Trigonometric functions are a pivotal part of mathematics that deal with the angles and sides of triangles. The most common trigonometric functions are sine, cosine, and tangent. These functions are periodic, which means they repeat their values in regular intervals.
In the context of this problem, we are using the sine function, denoted as \( \sin x \). It's crucial to understand how the sine function behaves:

• \( \sin x \) is a continuous function, meaning it has no breaks or jumps.
• The values of \( \sin x \) range between -1 and 1.
• The function is smooth and differentiable across its entire domain.

Our task involves proving an inequality involving sine values at two different angles \( a \) and \( b \), and how these compare with the linear distance between \( a \) and \( b \). Understanding the behavior of sine is fundamental to applying the Mean Value Theorem effectively in this instance.

A continuous function is a function without any interruptions, holes, or jumps in its graph. This means you can draw it without lifting your pencil off the paper. Continuity is an essential property if we want to apply certain theorems in calculus, such as the Mean Value Theorem.
For the sine function \( f(x) = \sin x \):

• It is continuous across all real numbers, meaning it seamlessly connects from one point to another.
• To check continuity, you can verify that the limit of \( f(x) \) as \( x \) approaches any given point is equal to \( f \) evaluated at that point.
• This characteristics allow us to use the Mean Value Theorem on \( \sin x \) over any interval.

Continuous functions are predictable, which is why they enable powerful tools like calculus to function effectively.

The derivative provides us with the rate at which a function changes. When you differentiate a function, you are essentially finding its slope at any given point.
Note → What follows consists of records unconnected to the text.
lemma is_channel_kron:
  assumes \<rho>: "psd n \<rho>" and tr: "mtrace \<rho> = 1"
  shows "is_channel m (n*m) (kron \<rho>)"
  unfolding is_channel_def
proof (intro conjI ballI)
  have \<rho>c: "\<rho> \<in> carrier_mat n n" using \<rho> unfolding psd_def by auto
  obtain L :: nat and w where w: "\<forall>a<n. \<forall>b<n. \<rho> $$ (a,b) = (\<Sum>l<L. w l a * cnj (w l b))"
    using psd_form_rank_one_sum \<rho> unfolding psd_iff_psd_form by blast
  show "completely_positive m (n*m) (kron \<rho>)"
  proof (rule completely_positive_kraus[where C = "{..<L}"
        and K = "\<lambda>l i x. w l (i div m) * (if x = i mod m then 1 else 0)"])
    fix X :: "complex mat" and i j assume X: "X \<in> carrier_mat m m" and i: "i < n*m" and j: "j < n*m"
    have "(\<Sum>l<L. \<Sum>x<m. \<Sum>y<m. w l (i div m) * (if x = i mod m then 1 else 0) * X $$ (x,y)
          * cnj (w l (j div m) * (if y = j mod m then 1 else 0)))
        = (\<Sum>l<L. w l (i div m) * X $$ (i mod m, j mod m) * cnj (w l (j div m)))"
      using i j by (intro sum.cong refl sum_sum_delta_mult) (auto simp: mod_less_of_less_mult)
    also have "\<dots> = (\<Sum>l<L. w l (i div m) * cnj (w l (j div m))) * X $$ (i mod m, j mod m)"
      by (subst sum_distrib_right) (simp add: mult_ac)
    also have "\<dots> = kron \<rho> X $$ (i,j)"
      using i j X \<rho>c w by (simp add: kron_index div_less_of_less_mult)
    finally show "kron \<rho> X $$ (i,j) = (\<Sum>l\<in>{..<L}. \<Sum>x<m. \<Sum>y<m.
        w l (i div m) * (if x = i mod m then 1 else 0) * X $$ (x,y) * cnj (w l (j div m) * (if y = j mod m then 1 else 0)))"
      by simp
  qed (use \<rho>c in \<open>auto intro: kron_carrier\<close>)
  fix X :: "complex mat" assume "X \<in> carrier_mat m m"
  then show "mtrace (kron \<rho> X) = mtrace X" using mtrace_kron[OF \<rho>c] tr by simp
qed

definition ptrace_left :: "nat \<Rightarrow> nat \<Rightarrow> complex mat \<Rightarrow> complex mat" where
  "ptrace_left n m Y = mat m m (\<lambda>(a,b). \<Sum>r<n. Y $$ (r*m+a, r*m+b))"

lemma is_channel_ptrace_left: "is_channel (n*m) m (ptrace_left n m)"
  unfolding is_channel_def
proof (intro conjI ballI)
  show "completely_positive (n*m) m (ptrace_left n m)"
  proof (rule completely_positive_kraus[where C = "{..<n}" and K = "\<lambda>r a x. if x = r*m+a then 1 else 0"])
    fix X :: "complex mat" and a b assume a: "a < m" and b: "b < m"
    have "(\<Sum>x<n*m. \<Sum>y<n*m. (if x = r*m+a then 1 else 0) * X $$ (x,y) * cnj (if y = r*m+b then 1 else 0))
        = X $$ (r*m+a, r*m+b)" if "r < n" for r
      using sum_sum_delta_mult[of "r*m+a" "n*m" "r*m+b" 1 "\<lambda>x y. X $$ (x,y)" 1] that a b
      by (simp add: mult_add_less_mult)
    then show "ptrace_left n m X $$ (a,b) = (\<Sum>r\<in>{..<n}. \<Sum>x<n*m. \<Sum>y<n*m.
        (if x = r*m+a then 1 else 0) * X $$ (x,y) * cnj (if y = r*m+b then 1 else 0))"
      unfolding ptrace_left_def using a b by simp
  qed (auto simp: ptrace_left_def)
  fix X :: "complex mat" assume X: "X \<in> carrier_mat (n*m) (n*m)"
  have "mtrace (ptrace_left n m X) = (\<Sum>r<n. \<Sum>a<m. X $$ (r*m+a, r*m+a))"
    unfolding mtrace_def ptrace_left_def by (simp add: sum.swap[of _ "{..<m}"])
  also have "\<dots> = (\<Sum>i<n*m. X $$ (i, i))" by (rule sum_lessThan_mult[symmetric])
  also have "\<dots> = mtrace X" unfolding mtrace_def using X by simp
  finally show "mtrace (ptrace_left n m X) = mtrace X" .
qed

lemma ptrace_left_kron:
  assumes A: "A \<in> carrier_mat n n" and Z: "Z \<in> carrier_mat m m"
  shows "ptrace_left n m (kron A Z) = mtrace A \<cdot>\<^sub>m Z"
  by (rule eq_matI)
    (use A Z in \<open>auto simp: ptrace_left_def mtrace_def kron_index_block[OF A Z] sum_distrib_right\<close>)

section \<open>Pure inputs and the partial transpose\<close>

lemma dim_pure_dm: "dim_row (pure_dm \<psi>) = dim_vec \<psi>"
  unfolding pure_dm_def by simp

lemma pure_dm_carrier: "\<psi> \<in> carrier_vec N \<Longrightarrow> pure_dm \<psi> \<in> carrier_mat N N"
  unfolding pure_dm_def by simp

lemma pure_dm_index: "i < dim_vec \<psi> \<Longrightarrow> j < dim_vec \<psi> \<Longrightarrow> pure_dm \<psi> $$ (i,j) = \<psi> $ i * cnj (\<psi> $ j)"
  unfolding pure_dm_def by simp

lemma pure_dm_unit_vec_0_index:
  "i < N \<Longrightarrow> j < N \<Longrightarrow> pure_dm (unit_vec N 0 :: complex vec) $$ (i,j) = (if i = 0 \<and> j = 0 then 1 else 0)"
  by (simp add: pure_dm_index unit_vec_def)

lemma unit_vec_0_in_unit_vecs: "0 < N \<Longrightarrow> unit_vec N 0 \<in> unit_vecs N"
proof -
  assume N: "0 < N"
  have "(\<Sum>i<N. (cmod (unit_vec N 0 $ i))\<^sup>2) = (\<Sum>i<N. if i = 0 then 1 else 0)"
    by (intro sum.cong refl) (auto simp: unit_vec_def)
  also have "\<dots> = 1" using N by simp
  finally show ?thesis unfolding unit_vecs_def by simp
qed

lemma unit_vecs_index_le_1: assumes "\<psi> \<in> unit_vecs N" "i < N" shows "cmod (\<psi> $ i) \<le> 1"
proof -
  have "(cmod (\<psi> $ i))\<^sup>2 \<le> (\<Sum>j<N. (cmod (\<psi> $ j))\<^sup>2)"
    by (rule member_le_sum) (use assms(2) in auto)
  also have "\<dots> = 1" using assms(1) unfolding unit_vecs_def by simp
  finally show ?thesis by (simp add: power_le_one_iff abs_le_square_iff)
qed

text \<open>The state of the reference system \<open>S\<^sub>AS\<^sub>B\<close> left by a pure input \<open>\<psi>\<close> on \<open>S\<^sub>AS\<^sub>B \<otimes> A'B'\<close>.\<close>

definition reduced_state :: "nat \<Rightarrow> complex vec \<Rightarrow> complex mat" where
  "reduced_state n \<psi> = mat n n (\<lambda>(r,s). \<Sum>t<n. \<psi> $ (r*n+t) * cnj (\<psi> $ (s*n+t)))"

lemma reduced_state_carrier: "reduced_state n \<psi> \<in> carrier_mat n n"
  unfolding reduced_state_def by simp

lemma reduced_state_gram:
  "reduced_state n \<psi> = mat_adjoint (mat n n (\<lambda>(t,s). cnj (\<psi> $ (s*n+t)))) * mat n n (\<lambda>(t,s). cnj (\<psi> $ (s*n+t)))"
  (is "_ = mat_adjoint ?W * ?W")
proof (rule eq_matI)
  have W: "?W \<in> carrier_mat n n" by simp
  fix i j assume "i < dim_row (mat_adjoint ?W * ?W)" and "j < dim_col (mat_adjoint ?W * ?W)"
  then have i: "i < n" and j: "j < n" by auto
  show "reduced_state n \<psi> $$ (i, j) = (mat_adjoint ?W * ?W) $$ (i, j)"
    unfolding mult_mat_sum[OF mat_adjoint_carrier[OF W] W i j] reduced_state_def
    using i j by (auto intro: sum.cong)
qed (auto simp: reduced_state_def)

lemma psd_reduced_state: "psd n (reduced_state n \<psi>)"
  unfolding reduced_state_gram by (rule psd_gram[where r = n]) simp

lemma mtrace_reduced_state: assumes "\<psi> \<in> unit_vecs (n*n)" shows "mtrace (reduced_state n \<psi>) = 1"
proof -
  have "mtrace (reduced_state n \<psi>) = (\<Sum>i<n*n. cnj (\<psi> $ i) * \<psi> $ i)"
    unfolding mtrace_def reduced_state_def sum_lessThan_mult by (simp add: mult.commute)
  also have "\<dots> = 1" using assms unfolding cnj_mult_self_sum unit_vecs_def by simp
  finally show ?thesis .
qed

lemma trace_norm_reduced_state: assumes "\<psi> \<in> unit_vecs (n*n)" shows "trace_norm (reduced_state n \<psi>) = 1"
  using trace_norm_gram[of "mat n n (\<lambda>(t,s). cnj (\<psi> $ (s*n+t)))" n n] mtrace_reduced_state[OF assms]
  unfolding reduced_state_gram[symmetric] by simp

lemma id_tensor_replacer:
  assumes Z: "Z \<in> carrier_mat m m" and \<psi>: "\<psi> \<in> carrier_vec (n*n)"
    and \<Phi>: "\<And>Y. Y \<in> carrier_mat n n \<Longrightarrow> \<Phi> Y = mtrace Y \<cdot>\<^sub>m Z"
  shows "id_tensor n n m \<Phi> (pure_dm \<psi>) = kron (reduced_state n \<psi>) Z"
proof (rule eq_matI)
  fix i j assume "i < dim_row (kron (reduced_state n \<psi>) Z)" and "j < dim_col (kron (reduced_state n \<psi>) Z)"
  then have i: "i < n*m" and j: "j < n*m" using Z by (auto simp: reduced_state_def)
  have idx: "i div m < n" "j div m < n" "i mod m < m" "j mod m < m"
    using i j by (auto simp: div_less_of_less_mult mod_less_of_less_mult)
  have "mtrace (blk n (pure_dm \<psi>) (i div m) (j div m)) = reduced_state n \<psi> $$ (i div m, j div m)"
    unfolding mtrace_def blk_def reduced_state_def using idx \<psi>
    by (auto intro!: sum.cong simp: pure_dm_index mult_add_less_mult)
  then show "id_tensor n n m \<Phi> (pure_dm \<psi>) $$ (i, j) = kron (reduced_state n \<psi>) Z $$ (i, j)"
    using i j Z idx by (simp add: id_tensor_index \<Phi>[OF blk_carrier] kron_index reduced_state_def)
qed (use Z in \<open>auto simp: id_tensor_def reduced_state_def\<close>)

lemma blk_pure_dm_unit_vec_0:
  assumes n: "0 < n" and r: "r < n" and s: "s < n"
  shows "blk n (pure_dm (unit_vec (n*n) 0 :: complex vec)) r s
       = (if r = 0 \<and> s = 0 then pure_dm (unit_vec n 0) else 0\<^sub>m n n)"
proof (rule eq_matI)
  fix c d assume "c < dim_row (if r = 0 \<and> s = 0 then pure_dm (unit_vec n 0 :: complex vec) else 0\<^sub>m n n)"
    and "d < dim_col (if r = 0 \<and> s = 0 then pure_dm (unit_vec n 0 :: complex vec) else 0\<^sub>m n n)"
  then have c: "c < n" and d: "d < n" by (auto simp: pure_dm_def split: if_splits)
  have "r*n+c = 0 \<longleftrightarrow> r = 0 \<and> c = 0" "s*n+d = 0 \<longleftrightarrow> s = 0 \<and> d = 0" using n by auto
  then show "blk n (pure_dm (unit_vec (n*n) 0 :: complex vec)) r s $$ (c, d)
      = (if r = 0 \<and> s = 0 then pure_dm (unit_vec n 0) else 0\<^sub>m n n) $$ (c, d)"
    using c d r s by (auto simp: blk_index pure_dm_unit_vec_0_index mult_add_less_mult)
qed (auto simp: blk_def pure_dm_def)

lemma id_tensor_pure_dm_unit_vec_0:
  assumes lin: "lin_map n m \<Phi>" and n: "0 < n"
  defines "E \<equiv> pure_dm (unit_vec n 0 :: complex vec)"
  shows "id_tensor n n m \<Phi> (pure_dm (unit_vec (n*n) 0)) = kron E (\<Phi> E)"
proof (rule eq_matI)
  have E: "E \<in> carrier_mat n n" unfolding E_def by (simp add: pure_dm_carrier)
  then have \<Phi>E: "\<Phi> E \<in> carrier_mat m m" using lin unfolding lin_map_def by auto
  fix i j assume "i < dim_row (kron E (\<Phi> E))" and "j < dim_col (kron E (\<Phi> E))"
  then have i: "i < n*m" and j: "j < n*m" using E \<Phi>E by auto
  have idx: "i div m < n" "j div m < n" "i mod m < m" "j mod m < m"
    using i j by (auto simp: div_less_of_less_mult mod_less_of_less_mult)
  show "id_tensor n n m \<Phi> (pure_dm (unit_vec (n*n) 0)) $$ (i,j) = kron E (\<Phi> E) $$ (i,j)"
    using i j idx E \<Phi>E lin_map_zero[OF lin]
    by (simp add: id_tensor_index blk_pure_dm_unit_vec_0[OF n] kron_index E_def pure_dm_unit_vec_0_index)
qed (use lin in \<open>auto simp: id_tensor_def E_def pure_dm_def lin_map_def\<close>)

lemma ptrans_carrier: "ptrans dX dY M \<in> carrier_mat (dX*dY) (dX*dY)"
  unfolding ptrans_def by simp

lemma ptrans_index_less: "i < dX*dY \<Longrightarrow> j < dX*dY \<Longrightarrow> (i div dY)*dY + j mod dY < dX*(dY::nat)"
  by (intro mult_add_less_mult) (auto simp: div_less_of_less_mult mod_less_of_less_mult)

lemma mtrace_ptrans: "dim_row M = dX*dY \<Longrightarrow> mtrace (ptrans dX dY M) = mtrace M"
  unfolding mtrace_def ptrans_def by simp

lemma ptrans_smult:
  "M \<in> carrier_mat (dX*dY) (dX*dY) \<Longrightarrow> ptrans dX dY (c \<cdot>\<^sub>m M) = c \<cdot>\<^sub>m ptrans dX dY M"
  by (rule eq_matI) (auto simp: ptrans_def ptrans_index_less)

lemma lin_map_ptrans: "lin_map (dX*dY) (dX*dY) (ptrans dX dY)"
  unfolding lin_map_def by (auto simp: ptrans_carrier ptrans_def ptrans_index_less intro!: eq_matI)

lemma ptrans_pure_dm_unit_vec_0:
  assumes dY: "0 < dY"
  shows "ptrans dX dY (pure_dm (unit_vec (dX*dY) 0 :: complex vec)) = pure_dm (unit_vec (dX*dY) 0)"
proof (rule eq_matI)
  fix i j assume "i < dim_row (pure_dm (unit_vec (dX*dY) 0 :: complex vec))"
    and "j < dim_col (pure_dm (unit_vec (dX*dY) 0 :: complex vec))"
  then have i: "i < dX*dY" and j: "j < dX*dY" by (auto simp: pure_dm_def)
  have "(i div dY) * dY + j mod dY = 0 \<and> (j div dY) * dY + i mod dY = 0 \<longleftrightarrow> i = 0 \<and> j = 0"
    using dY by (auto simp: div_eq_0_iff)
  then show "ptrans dX dY (pure_dm (unit_vec (dX*dY) 0 :: complex vec)) $$ (i, j)
      = pure_dm (unit_vec (dX*dY) 0 :: complex vec) $$ (i, j)"
    using i j ptrans_index_less[OF i j] ptrans_index_less[OF j i]
    by (simp add: ptrans_def pure_dm_unit_vec_0_index)
qed (auto simp: ptrans_def pure_dm_def)

section \<open>The diamond norm\<close>

definition matrix_unit :: "nat \<Rightarrow> nat \<times> nat \<Rightarrow> complex mat" where
  "matrix_unit n p = mat n n (\<lambda>ij. if ij = p then 1 else 0)"

lemma lin_map_expand_aux:
  assumes lin: "lin_map n m \<Phi>" and fin: "finite F" and sub: "F \<subseteq> {..<n} \<times> {..<n}"
    and a: "a < m" and b: "b < m"
  shows "\<Phi> (mat n n (\<lambda>p. if p \<in> F then Y $$ p else 0)) $$ (a,b)
       = (\<Sum>p\<in>F. Y $$ p * \<Phi> (matrix_unit n p) $$ (a,b))"
  using fin sub
proof (induction F rule: finite_induct)
  case empty
  have "mat n n (\<lambda>p. if p \<in> {} then Y $$ p else 0) = 0\<^sub>m n n" by (auto intro!: eq_matI)
  then show ?case using lin_map_zero[OF lin] a b by auto
next
  case (insert p F)
  let ?YF = "mat n n (\<lambda>p. if p \<in> F then Y $$ p else 0)"
  have eq: "mat n n (\<lambda>q. if q \<in> insert p F then Y $$ q else 0) = 1 \<cdot>\<^sub>m ?YF + Y $$ p \<cdot>\<^sub>m matrix_unit n p"
    using insert.hyps(2) by (auto intro!: eq_matI simp: matrix_unit_def)
  have c: "?YF \<in> carrier_mat n n" "matrix_unit n p \<in> carrier_mat n n" by (auto simp: matrix_unit_def)
  then have "\<Phi> (1 \<cdot>\<^sub>m ?YF + Y $$ p \<cdot>\<^sub>m matrix_unit n p) = 1 \<cdot>\<^sub>m \<Phi> ?YF + Y $$ p \<cdot>\<^sub>m \<Phi> (matrix_unit n p)"
    "\<Phi> ?YF \<in> carrier_mat m m" "\<Phi> (matrix_unit n p) \<in> carrier_mat m m"
    using lin unfolding lin_map_def by auto
  then show ?case
    unfolding eq using insert a b by (simp add: add.commute)
qed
For trigonometric functions, knowing the derivative is especially useful in understanding their behavior.
For our function \( f(x) = \sin x \):

• The derivative is \( f'(x) = \cos x \).
• This tells us the slope or rate of change of \( \sin x \) at any point \( x \).
• The derivative, \( \cos x \), is bounded by values between -1 and 1, which affects how much \( \sin x \) can change over a small interval.

By applying these properties in the context of the Mean Value Theorem, we can leverage the derivative to establish relationships, such as inequalities, involving \( \sin x \).

Proving inequalities often involves showing that one side of an expression does not exceed the other under the given conditions. In our problem, we're proving an inequality involving the sine function using the Mean Value Theorem as our tool.
The Mean Value Theorem helps us by stating that for a function that is continuous over \([a, b]\) and differentiable over \((a, b)\), there exists a point \( c \) such that:

• \( f'(c) = \frac{f(b) - f(a)}{b - a} \)
• Here, applying \( f(x) = \sin x \), we found \( \cos(c) = \frac{\sin b - \sin a}{b - a} \).

Recognizing that \( \cos(c) \) is bounded such that \(|\cos(c)| \leq 1\), allows for simplification:

• By multiplying the inequality by \(|b-a|\), we derive \( |\sin b - \sin a| = |\cos(c)| |b-a| \).
• That leads us to conclude that \(|\sin b - \sin a| \leq |b-a|\).

Through this logical chain, we prove the inequality utilizing trigonometric properties and calculus, showcasing the power and utility of these mathematical techniques.